Assignment: From the entries below, return only the lines starting at the one that contains "by (simp add: comm_image_lincomb" and ending at the one that contains "nsym_hmul i (NS", exactly as they stand.

Stored data

● ● ●

text \<open>Picard-Lindeloef: a globally L-Lipschitz vector field G has a solution through any
  point on the time interval ]-h,h[ as soon as 4hL < 1.  The solution is the fixed point of
  the contraction y \<mapsto> p + integral from 0 to t of G(y), acting on bounded continuous
  functions, with time clamped to [-h,h].\<close>

lemma picard_lindeloef_global:
  fixes G :: "'a::banach \<Rightarrow> 'a"
  assumes lip: "L-lipschitz_on UNIV G" and h: "h > 0" "4 * h * L < 1"
  obtains y where "y 0 = p" "\<And>t. -h < t \<Longrightarrow> t < h \<Longrightarrow> (y has_vector_derivative G (y t)) (at t)"
proof -
  have L0: "L \<ge> 0" using lip lipschitz_on_nonneg by blast
  have contG: "continuous_on UNIV G" using lip lipschitz_on_continuous_on by blast
  define c where "c = clamp (-h) h"
  have c_in: "c t \<in> {-h..h}" for t using h clamp_in[of "-h" h] by (simp add: c_def)
  have c_id: "t \<in> {-h..h} \<Longrightarrow> c t = t" for t by (simp add: c_def clamp_id)
  define I where "I y u = integral {-h..u} (\<lambda>s. G (apply_bcontfun y s))"
    for y :: "real \<Rightarrow>\<^sub>C 'a" and u
  have derI: "((I y) has_vector_derivative G (apply_bcontfun y u)) (at u within {-h..h})"
    if "u \<in> {-h..h}" for y u
    unfolding I_def
    by (rule integral_has_vector_derivative[OF continuous_on_compose2[OF contG] that]) auto
  have contI: "continuous_on {-h..h} (I y)" for y
    using derI has_vector_derivative_continuous continuous_on_eq_continuous_within by blast
  define \<phi> where "\<phi> y t = (p - I y 0) + I y (c t)" for y t
  have "\<phi> y \<in> bcontfun" for y
    unfolding \<phi>_def c_def using clamp_compose_bcontfun[OF contI] h by simp
  then have \<phi>_apply: "apply_bcontfun (Bcontfun (\<phi> y)) t = \<phi> y t" for y t
    using Bcontfun_inverse by metis
  have I_lipschitz: "norm (I y u - I z u) \<le> (2 * h * L) * dist y z" if "u \<in> {-h..h}" for y z u
  proof -
    have "norm (I y u - I z u) \<le> L * dist y z * (u - -h)"
      unfolding I_def using that by (intro integral_lipschitz_estimate[OF lip]) auto
    also have "\<dots> \<le> L * dist y z * (2 * h)"
      using that L0 by (intro mult_left_mono) auto
    finally show ?thesis by (simp add: algebra_simps)
  qed
  have contraction: "dist (Bcontfun (\<phi> y)) (Bcontfun (\<phi> z)) \<le> (4 * h * L) * dist y z" for y z
  proof (rule dist_bound)
    fix t
    have "dist (apply_bcontfun (Bcontfun (\<phi> y)) t) (apply_bcontfun (Bcontfun (\<phi> z)) t)
          = norm ((I y (c t) - I z (c t)) - (I y 0 - I z 0))"
      unfolding \<phi>_apply \<phi>_def dist_norm by (simp add: algebra_simps)
    also have "\<dots> \<le> norm (I y (c t) - I z (c t)) + norm (I y 0 - I z 0)"
      by (rule norm_triangle_ineq4)
    also have "\<dots> \<le> (2 * h * L) * dist y z + (2 * h * L) * dist y z"
      using I_lipschitz c_in h by (intro add_mono) auto
    finally show "dist (apply_bcontfun (Bcontfun (\<phi> y)) t) (apply_bcontfun (Bcontfun (\<phi> z)) t)
        \<le> (4 * h * L) * dist y z"
      by (simp add: algebra_simps)
  qed
  obtain y where "Bcontfun (\<phi> y) = y"
    using banach_fix_type[of "4 * h * L" "\<lambda>y. Bcontfun (\<phi> y)"] contraction h L0 by auto
  then have y_eq: "apply_bcontfun y t = \<phi> y t" for t using \<phi>_apply by metis
  show ?thesis
  proof
    show "apply_bcontfun y 0 = p" using y_eq[of 0] h by (simp add: \<phi>_def c_id)
    fix t assume t: "-h < t" "t < h"
    then have t_in: "t \<in> {-h..h}" by auto
    have "((\<lambda>u. (p - I y 0) + I y u) has_vector_derivative G (apply_bcontfun y t)) (at t within {-h..h})"
      using derI[OF t_in] by (auto intro!: derivative_eq_intros)
    then have "(apply_bcontfun y has_vector_derivative G (apply_bcontfun y t)) (at t within {-h..h})"
      by (rule has_vector_derivative_transform[OF t_in, rotated]) (simp add: y_eq \<phi>_def c_id)
    then have "(apply_bcontfun y has_vector_derivative G (apply_bcontfun y t)) (at t within {-h<..<h})"
      by (rule has_vector_derivative_within_subset) auto
    then show "(apply_bcontfun y has_vector_derivative G (apply_bcontfun y t)) (at t)"
      using at_within_open[of t "{-h<..<h}"] t by auto
  qed
qed

lemma continuous_stays_in_open:
  fixes y :: "real \<Rightarrow> 'a::topological_space"
  assumes "isCont y 0" "open U" "y 0 \<in> U"
  obtains \<delta> where "\<delta> > 0" "\<And>t. \<bar>t\<bar> < \<delta> \<Longrightarrow> y t \<in> U"
proof -
  have "\<forall>\<^sub>F t in at 0. y t \<in> U"
    using topological_tendstoD[OF assms(1)[unfolded isCont_def] assms(2,3)] .
  then obtain \<delta> where "\<delta> > 0" "\<And>t. t \<noteq> 0 \<Longrightarrow> \<bar>t\<bar> < \<delta> \<Longrightarrow> y t \<in> U"
    unfolding eventually_at by (auto simp: dist_real_def)
  with assms(3) show ?thesis by (metis that)
qed
lemma sum_power2_le_mult_sum_abs:
  fixes x :: "'a \<Rightarrow> real"
  assumes "\<And>j. j \<in> A \<Longrightarrow> \<bar>x j\<bar> \<le> B"
  shows "(\<Sum>j\<in>A. x j ^ 2) \<le> B * (\<Sum>j\<in>A. \<bar>x j\<bar>)"
  unfolding sum_distrib_left
proof (rule sum_mono)
  fix j assume "j \<in> A"
  then show "x j ^ 2 \<le> B * \<bar>x j\<bar>"
    using assms mult_right_mono[of "\<bar>x j\<bar>" B "\<bar>x j\<bar>"] by (simp add: power2_eq_square)
qed

lemma abs_Im_cnj_mult_le: "\<bar>Im (cnj z * e)\<bar> \<le> cmod z * cmod e"
  by (metis abs_Im_le_cmod complex_mod_cnj norm_mult)

definition delayed :: "(nat \<Rightarrow> 'a::zero) \<Rightarrow> nat \<Rightarrow> nat \<Rightarrow> 'a" where
  "delayed f d k = (if d \<le> k then f (k - d) else 0)"

lemma sum_delayed: "(\<Sum>k<n + d. delayed f d k) = (\<Sum>j<n. f j)"
  by (induction n) (simp_all add: delayed_def)

lemma norm_delayed_le:
  assumes "\<And>j. j \<le> k \<Longrightarrow> norm (f j) \<le> M" and "0 \<le> M"
  shows "norm (delayed f d k) \<le> M"
  using assms by (simp add: delayed_def)

lemma inner_cvec: "x \<bullet> cvec = x $ 1 - x $ 2"
  by (simp add: cvec_def inner_vec_def sum_2)

lemma Amat_mult_vec: "Amat *v x = (x \<bullet> cvec) *\<^sub>R cvec"
  by (simp add: vec_eq_iff forall_2 Amat_def matrix_vector_mult_def sum_2 inner_cvec)
     (simp add: cvec_def algebra_simps)
theorem theorem5p2:
  fixes E :: "'c::finite \<Rightarrow> 's::finite \<Rightarrow> bool"
    and \<alpha> :: "'c \<Rightarrow> real" and \<beta> :: "'s \<Rightarrow> real"
    and B :: real and p :: "('c, 's) letter list pmf"
  assumes conn: "bip_connected E"
    and alpha_pos: "\<forall>c. \<alpha> c > 0" and alpha_sum: "sum \<alpha> UNIV = 1"
    and beta_pos: "\<forall>s. \<beta> s > 0" and beta_sum: "sum \<beta> UNIV = 1"
    and crp: "complete_resource_pooling E \<alpha> \<beta>"
    and B_pos: "B > 0"
    and piZ: "\<forall>z. pmf p z = (if z \<in> Zspace E then B * zweight \<alpha> \<beta> z else 0)"
  shows "\<forall>S. distinct S \<and> set S = UNIV \<longrightarrow>
    (\<forall>ws. length ws = CARD('s) - 1 \<longrightarrow>
       pmf (map_pmf W_of p) (S, ws) = B * prod \<beta> UNIV *
         (\<Prod>l<CARD('s) - 1. sum \<alpha> (Uset E (set (take (Suc l) S))) ^ n0 (ws ! l)
                            * sum \<beta> (set (drop (Suc l) S)) ^ n1 (ws ! l))) \<and>
    (\<forall>nm. length nm = CARD('s) - 1 \<longrightarrow>
       pmf (map_pmf U_of p) (S, nm) = B * prod \<beta> UNIV *
         (\<Prod>l<CARD('s) - 1. real ((fst (nm ! l) + snd (nm ! l)) choose fst (nm ! l))
                            * sum \<alpha> (Uset E (set (take (Suc l) S))) ^ fst (nm ! l)
                            * sum \<beta> (set (drop (Suc l) S)) ^ snd (nm ! l))) \<and>
    (\<forall>ns. length ns = CARD('s) - 1 \<longrightarrow>
       pmf (map_pmf X_of p) (S, ns) = B * prod \<beta> UNIV *
         (\<Prod>l<CARD('s) - 1. sum \<alpha> (Uset E (set (take (Suc l) S))) ^ (ns ! l)
                            / sum \<beta> (set (take (Suc l) S)) ^ (ns ! l + 1))) \<and>
    (\<forall>ms. length ms = CARD('s) - 1 \<longrightarrow>
       pmf (map_pmf Y_of p) (S, ms) = B * prod \<beta> UNIV *
         (\<Prod>l<CARD('s) - 1. sum \<beta> (set (drop (Suc l) S)) ^ (ms ! l)
                            / sum \<alpha> (Cset E (set (drop (Suc l) S))) ^ (ms ! l + 1))) \<and>
    (\<forall>rs. length rs = CARD('s) - 1 \<longrightarrow>
       pmf (map_pmf V_of p) (S, rs) = B * prod \<beta> UNIV *
         (\<Prod>l<CARD('s) - 1. (sum \<alpha> (Uset E (set (take (Suc l) S)))
                              + sum \<beta> (set (drop (Suc l) S))) ^ (rs ! l))) \<and>
    pmf (map_pmf R_of p) S = B * prod \<beta> UNIV *
         (\<Prod>l<CARD('s) - 1. 1 / (sum \<beta> (set (take (Suc l) S))
                                  - sum \<alpha> (Uset E (set (take (Suc l) S)))))"
proof -
  interpret stationary_Z E \<alpha> \<beta> B p
    using alpha_pos alpha_sum beta_pos beta_sum crp piZ by unfold_locales auto
  show ?thesis
    by (auto simp: pmf_W_of pmf_U_of pmf_X_of pmf_Y_of pmf_V_of pmf_R_of)
qed

end
lemma sum_mult_if_eq:
  assumes "finite F" "\<And>x. x \<notin> F \<Longrightarrow> f x = 0"
  shows "(\<Sum>x\<in>F. f x * (if x = a then 1 else 0)) = (f a :: rat)"
proof -
  have "(\<Sum>x\<in>F. f x * (if x = a then 1 else 0)) = (\<Sum>x\<in>F. if x = a then f x else 0)"
    by (rule sum.cong) auto
  also have "\<dots> = f a" using assms by (simp add: sum.delta)
  finally show ?thesis .
qed

lemma fsupp_sum_subset: "fsupp (\<lambda>t. \<Sum>j\<in>J. c j * d j t) \<subseteq> (\<Union>j\<in>J. fsupp (d j))"
proof
  fix t assume "t \<in> fsupp (\<lambda>t. \<Sum>j\<in>J. c j * d j t)"
  then obtain j where "j \<in> J" "c j * d j t \<noteq> 0"
    unfolding fsupp_def by (meson mem_Collect_eq sum.not_neutral_contains_not_neutral)
  then show "t \<in> (\<Union>j\<in>J. fsupp (d j))" by (auto simp: fsupp_def)
qed

lemma sum_in_fspace:
  assumes "finite J" "\<forall>j\<in>J. d j \<in> fspace I"
  shows "(\<lambda>t. \<Sum>j\<in>J. c j * d j t) \<in> fspace I"
  using fsupp_sum_subset[where J = J and c = c and d = d] assms unfolding fspace_def by (auto intro: finite_subset)

lemma sum_fsupp_eq_sum_superset:
  assumes "finite S" "fsupp c \<subseteq> S"
  shows "(\<Sum>i\<in>fsupp c. c i * f i) = (\<Sum>i\<in>S. c i * f i)"
  by (rule sum.mono_neutral_left) (use assms in \<open>auto simp: fsupp_def\<close>)

lemma lincomb_eq_sum_superset:
  "finite S \<Longrightarrow> fsupp c \<subseteq> S \<Longrightarrow> lincomb b c x = (\<Sum>i\<in>S. c i * b i x)"
  unfolding lincomb_def by (rule sum_fsupp_eq_sum_superset)

lemma pair_eq_sum_superset:
  "finite S \<Longrightarrow> fsupp f \<subseteq> S \<Longrightarrow> pair f g = (\<Sum>x\<in>S. f x * g x)"
  unfolding pair_def by (rule sum_fsupp_eq_sum_superset)

lemma fsupp_lincomb_subset: "fsupp (lincomb b c) \<subseteq> (\<Union>i\<in>fsupp c. fsupp (b i))"
  unfolding lincomb_def[abs_def] by (rule fsupp_sum_subset)

lemma finite_fsupp_lincomb:
  "finite (fsupp c) \<Longrightarrow> \<forall>i\<in>fsupp c. finite (fsupp (b i)) \<Longrightarrow> finite (fsupp (lincomb b c))"
  by (rule finite_subset[OF fsupp_lincomb_subset]) auto

lemma lincomb_in_fspace:
  "finite (fsupp c) \<Longrightarrow> \<forall>i\<in>fsupp c. b i \<in> fspace I \<Longrightarrow> lincomb b c \<in> fspace I"
  unfolding lincomb_def[abs_def] by (rule sum_in_fspace)

lemma lincomb_cong: "(\<And>i. i \<in> fsupp c \<Longrightarrow> b i = b' i) \<Longrightarrow> lincomb b c = lincomb b' c"
  unfolding lincomb_def by (rule ext) (rule sum.cong, auto)

lemma lincomb_unit_vec: "lincomb b (unit_vec a) = b a"
  unfolding lincomb_def fsupp_unit_vec by (simp add: unit_vec_def)

lemma lincomb_indicator_vec: "lincomb b (indicator_vec S) = (\<lambda>x. \<Sum>i\<in>S. b i x)"
  unfolding lincomb_def fsupp_indicator_vec by (simp add: indicator_vec_def)

lemma lincomb_unit_vec_self: "finite (fsupp f) \<Longrightarrow> lincomb unit_vec f = f"
  unfolding lincomb_def unit_vec_def
  by (rule ext, subst eq_commute, rule sum_mult_if_eq) (auto simp: fsupp_def)

lemma lincomb_lincomb:
  assumes "finite (fsupp c)" "\<forall>j\<in>fsupp c. finite (fsupp (d j))"
  shows "lincomb b (\<lambda>t. \<Sum>j\<in>fsupp c. c j * d j t) = lincomb (\<lambda>j. lincomb b (d j)) c"
proof (rule ext)
  fix x
  let ?S = "\<Union>j\<in>fsupp c. fsupp (d j)"
  have fS: "finite ?S" using assms by auto
  have "lincomb b (\<lambda>t. \<Sum>j\<in>fsupp c. c j * d j t) x = (\<Sum>t\<in>?S. (\<Sum>j\<in>fsupp c. c j * d j t) * b t x)"
    by (rule lincomb_eq_sum_superset[OF fS fsupp_sum_subset])
  also have "\<dots> = (\<Sum>j\<in>fsupp c. c j * (\<Sum>t\<in>?S. d j t * b t x))"
    by (simp add: sum_distrib_right sum_distrib_left mult.assoc sum.swap[of _ ?S])
  also have "\<dots> = (\<Sum>j\<in>fsupp c. c j * lincomb b (d j) x)"
    by (rule sum.cong[OF refl], subst lincomb_eq_sum_superset[OF fS]) auto
  finally show "lincomb b (\<lambda>t. \<Sum>j\<in>fsupp c. c j * d j t) x = lincomb (\<lambda>j. lincomb b (d j)) c x"
    by (simp add: lincomb_def)
qed

lemma pair_lincomb_right: "pair f (lincomb b c) = (\<Sum>i\<in>fsupp c. c i * pair f (b i))"
proof -
  have "pair f (lincomb b c) = (\<Sum>x\<in>fsupp f. \<Sum>i\<in>fsupp c. f x * (c i * b i x))"
    by (simp add: pair_def lincomb_def sum_distrib_left)
  also have "\<dots> = (\<Sum>i\<in>fsupp c. \<Sum>x\<in>fsupp f. f x * (c i * b i x))"
    by (rule sum.swap)
  finally show ?thesis
    by (simp add: pair_def sum_distrib_left mult.left_commute)
qed

lemma pair_lincomb_left:
  assumes "finite (fsupp c)" "\<forall>i\<in>fsupp c. finite (fsupp (b i))"
  shows "pair (lincomb b c) g = (\<Sum>i\<in>fsupp c. c i * pair (b i) g)"
proof -
  let ?S = "\<Union>i\<in>fsupp c. fsupp (b i)"
  have fS: "finite ?S" using assms by auto
  have "pair (lincomb b c) g = (\<Sum>x\<in>?S. lincomb b c x * g x)"
    by (rule pair_eq_sum_superset[OF fS fsupp_lincomb_subset])
  also have "\<dots> = (\<Sum>i\<in>fsupp c. c i * (\<Sum>x\<in>?S. b i x * g x))"
    by (simp add: lincomb_def sum_distrib_right sum_distrib_left mult.assoc sum.swap[of _ ?S])
  also have "\<dots> = (\<Sum>i\<in>fsupp c. c i * pair (b i) g)"
    by (rule sum.cong[OF refl], subst pair_eq_sum_superset[OF fS]) auto
  finally show ?thesis .
qed

lemma pair_unit_vec_right: "finite (fsupp f) \<Longrightarrow> pair f (unit_vec a) = f a"
  unfolding pair_def unit_vec_def by (rule sum_mult_if_eq) (auto simp: fsupp_def)

lemma pair_unit_vec_left: "pair (unit_vec a) g = g a"
  unfolding pair_def fsupp_unit_vec by (simp add: unit_vec_def)

definition coords :: "'a set \<Rightarrow> ('a \<Rightarrow> 'a \<Rightarrow> rat) \<Rightarrow> ('a \<Rightarrow> rat) \<Rightarrow> 'a \<Rightarrow> rat" where
  "coords I d F = (\<lambda>j. if j \<in> I then pair (d j) F else 0)"

lemma coords_lincomb:
  assumes "is_dual_basis I b d" "c \<in> fspace I"
  shows "coords I d (lincomb b c) = c"
proof (rule ext)
  fix j
  have fc: "finite (fsupp c)" "fsupp c \<subseteq> I" using assms(2) by (auto simp: fspace_def)
  show "coords I d (lincomb b c) j = c j"
  proof (cases "j \<in> I")
    case True
    have "pair (d j) (lincomb b c) = (\<Sum>i\<in>fsupp c. c i * (if i = j then 1 else 0))"
      unfolding pair_lincomb_right
      using assms(1) True fc(2) unfolding is_dual_basis_def by (intro sum.cong) auto
    also have "\<dots> = c j" using fc(1) by (rule sum_mult_if_eq) (auto simp: fsupp_def)
    finally show ?thesis using True by (simp add: coords_def)
  qed (use fc(2) in \<open>auto simp: coords_def fsupp_def\<close>)
qed

lemma coords_in_fspace_and_repr:
  assumes "is_basis I b (fspace I)" "is_dual_basis I b d" "F \<in> fspace I"
  shows "coords I d F \<in> fspace I \<and> F = lincomb b (coords I d F)"
proof -
  obtain c where "c \<in> fspace I" "F = lincomb b c"
    using assms(1,3) unfolding is_basis_def by blast
  then show ?thesis using coords_lincomb[OF assms(2)] by simp
qed

section \<open>The commutative image\<close>

text \<open>\<open>comm_image F \<mu>\<close> sums \<open>F \<gamma>\<close> over the compositions \<open>\<gamma>\<close> with \<open>lam \<gamma> = \<mu>\<close>, so it sends the
  coordinates of an element of \<open>NSym\<^sub>(\<^sub>k\<^sub>)\<close> in the \<open>H\<close>-basis to those of its commutative
  image in the \<open>h\<close>-basis.\<close>

definition comm_image :: "(nat list \<Rightarrow> rat) \<Rightarrow> nat list \<Rightarrow> rat" where
  "comm_image F = (\<lambda>\<mu>. pair F (\<lambda>\<gamma>. unit_vec (lam \<gamma>) \<mu>))"

lemma comm_image_unit_vec: "comm_image (unit_vec \<gamma>) = unit_vec (lam \<gamma>)"
  by (rule ext) (simp add: comm_image_def pair_unit_vec_left)

lemma comm_image_lincomb:
  "finite (fsupp c) \<Longrightarrow> \<forall>i\<in>fsupp c. finite (fsupp (b i)) \<Longrightarrow>
    comm_image (lincomb b c) = lincomb (\<lambda>i. comm_image (b i)) c"
  by (rule ext) (simp add: comm_image_def pair_lincomb_left lincomb_def)

lemma sym_hmul_eq_pair:
  assumes "finite (fsupp f)"
  shows "sym_hmul i f = (\<lambda>\<mu>. pair f (\<lambda>\<nu>. unit_vec (lam (i # \<nu>)) \<mu>))"
proof (rule ext)
  fix \<mu>
  have "{\<nu>. f \<nu> \<noteq> 0 \<and> lam (i # \<nu>) = \<mu>} = {\<nu> \<in> fsupp f. lam (i # \<nu>) = \<mu>}"
    by (auto simp: fsupp_def)
  then have "sym_hmul i f \<mu> = (\<Sum>\<nu>\<in>fsupp f. if lam (i # \<nu>) = \<mu> then f \<nu> else 0)"
    by (simp add: sym_hmul_def sum.inter_filter[OF assms])
  also have "\<dots> = pair f (\<lambda>\<nu>. unit_vec (lam (i # \<nu>)) \<mu>)"
    unfolding pair_def unit_vec_def by (rule sum.cong) auto
  finally show "sym_hmul i f \<mu> = pair f (\<lambda>\<nu>. unit_vec (lam (i # \<nu>)) \<mu>)" .
qed

lemma sym_hmul_unit_vec: "sym_hmul i (unit_vec \<nu>) = unit_vec (lam (i # \<nu>))"
  by (simp add: sym_hmul_eq_pair pair_unit_vec_left)

lemma sym_hmul_lincomb:
  assumes "finite (fsupp c)" "\<forall>j\<in>fsupp c. finite (fsupp (b j))"
  shows "sym_hmul i (lincomb b c) = lincomb (\<lambda>j. sym_hmul i (b j)) c"
proof -
  have "sym_hmul i (lincomb b c) = (\<lambda>\<mu>. pair (lincomb b c) (\<lambda>\<nu>. unit_vec (lam (i # \<nu>)) \<mu>))"
    by (rule sym_hmul_eq_pair[OF finite_fsupp_lincomb[OF assms]])
  also have "\<dots> = lincomb (\<lambda>j. \<lambda>\<mu>. pair (b j) (\<lambda>\<nu>. unit_vec (lam (i # \<nu>)) \<mu>)) c"
    by (rule ext) (simp add: pair_lincomb_left[OF assms] lincomb_def)
  also have "\<dots> = lincomb (\<lambda>j. sym_hmul i (b j)) c"
    by (rule lincomb_cong) (use assms(2) sym_hmul_eq_pair in auto)
  finally show ?thesis .
qed

lemma nsym_hmul_lincomb: "nsym_hmul i (lincomb b c) = lincomb (\<lambda>j. nsym_hmul i (b j)) c"
  by (rule ext) (simp add: nsym_hmul_def lincomb_def split: list.split)

lemma nsym_hmul_unit_vec: "nsym_hmul i (unit_vec \<gamma>) = unit_vec (i # \<gamma>)"
  by (rule ext) (simp add: nsym_hmul_def unit_vec_def split: list.split)

lemma comm_image_nsym_hmul:
  assumes "finite (fsupp F)"
  shows "comm_image (nsym_hmul i F) = sym_hmul i (comm_image F)"
proof -
  have F: "F = lincomb unit_vec F" using lincomb_unit_vec_self[OF assms] by simp
  have "comm_image (nsym_hmul i F) = comm_image (lincomb (\<lambda>\<gamma>. unit_vec (i # \<gamma>)) F)"
    by (subst F) (simp add: nsym_hmul_lincomb nsym_hmul_unit_vec)
  also have "\<dots> = lincomb (\<lambda>\<gamma>. sym_hmul i (unit_vec (lam \<gamma>))) F"
    by (simp add: comm_image_lincomb assms comm_image_unit_vec sym_hmul_unit_vec lam_Cons_lam)
  also have "\<dots> = sym_hmul i (lincomb (\<lambda>\<gamma>. unit_vec (lam \<gamma>)) F)"
    by (rule sym_hmul_lincomb[symmetric]) (simp_all add: assms)
  also have "lincomb (\<lambda>\<gamma>. unit_vec (lam \<gamma>)) F = comm_image F"
    by (subst (2) F) (simp add: comm_image_lincomb assms comm_image_unit_vec)
  finally show ?thesis .
qed

section \<open>Commutative image of the noncommutative \<open>k\<close>-Schur functions\<close>

locale kschur_duality =
  fixes k :: nat and s dS NS QS :: "nat list \<Rightarrow> nat list \<Rightarrow> rat"
  assumes kschur: "is_kschur k s"
    and dual_kschur: "is_dual_basis {la. kbpart k la} s dS"
    and ncschur: "is_ncschur k NS"
    and dual_ncschur: "is_dual_basis {\<alpha>. kcomp k \<alpha>} NS QS"
begin

lemma NS_basis: "is_basis {\<alpha>. kcomp k \<alpha>} NS (fspace {\<alpha>. kcomp k \<alpha>})"
  using ncschur unfolding is_ncschur_def by simp

lemma NS_in_fspace: "kcomp k \<alpha> \<Longrightarrow> NS \<alpha> \<in> fspace {\<alpha>. kcomp k \<alpha>}"
  using NS_basis unfolding is_basis_def by simp

lemma finite_fsupp_s: "kbpart k \<mu> \<Longrightarrow> finite (fsupp (s \<mu>))"
  using kschur unfolding is_kschur_def is_basis_def fspace_def by simp

lemma NS_pieri: "i \<in> {1..k} \<Longrightarrow> kcomp k \<alpha> \<Longrightarrow>
    nsym_hmul i (NS \<alpha>) = lincomb NS (indicator_vec {\<beta>. hkcstrip k \<alpha> \<beta> i})"
  using ncschur unfolding is_ncschur_def lincomb_indicator_vec by blast

lemma s_pieri: "i \<in> {1..k} \<Longrightarrow> kbpart k la \<Longrightarrow>
    sym_hmul i (s la) = (\<lambda>\<nu>. \<Sum>\<mu>\<in>{\<mu>. hkstrip k la \<mu> \<and> sum_list \<mu> = sum_list la + i}. s \<mu> \<nu>)"
  using kschur unfolding is_kschur_def by blast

● ● ●

Solution below:
    by (simp add: comm_image_lincomb assms comm_image_unit_vec sym_hmul_unit_vec lam_Cons_lam)
  also have "\<dots> = sym_hmul i (lincomb (\<lambda>\<gamma>. unit_vec (lam \<gamma>)) F)"
    by (rule sym_hmul_lincomb[symmetric]) (simp_all add: assms)
  also have "lincomb (\<lambda>\<gamma>. unit_vec (lam \<gamma>)) F = comm_image F"
    by (subst (2) F) (simp add: comm_image_lincomb assms comm_image_unit_vec)
  finally show ?thesis .
qed

section \<open>Commutative image of the noncommutative \<open>k\<close>-Schur functions\<close>

locale kschur_duality =
  fixes k :: nat and s dS NS QS :: "nat list \<Rightarrow> nat list \<Rightarrow> rat"
  assumes kschur: "is_kschur k s"
    and dual_kschur: "is_dual_basis {la. kbpart k la} s dS"
    and ncschur: "is_ncschur k NS"
    and dual_ncschur: "is_dual_basis {\<alpha>. kcomp k \<alpha>} NS QS"
begin

lemma NS_basis: "is_basis {\<alpha>. kcomp k \<alpha>} NS (fspace {\<alpha>. kcomp k \<alpha>})"
  using ncschur unfolding is_ncschur_def by simp

lemma NS_in_fspace: "kcomp k \<alpha> \<Longrightarrow> NS \<alpha> \<in> fspace {\<alpha>. kcomp k \<alpha>}"
  using NS_basis unfolding is_basis_def by simp

lemma finite_fsupp_s: "kbpart k \<mu> \<Longrightarrow> finite (fsupp (s \<mu>))"
  using kschur unfolding is_kschur_def is_basis_def fspace_def by simp

lemma NS_pieri: "i \<in> {1..k} \<Longrightarrow> kcomp k \<alpha> \<Longrightarrow>
    nsym_hmul i (NS \<alpha>) = lincomb NS (indicator_vec {\<beta>. hkcstrip k \<alpha> \<beta> i})"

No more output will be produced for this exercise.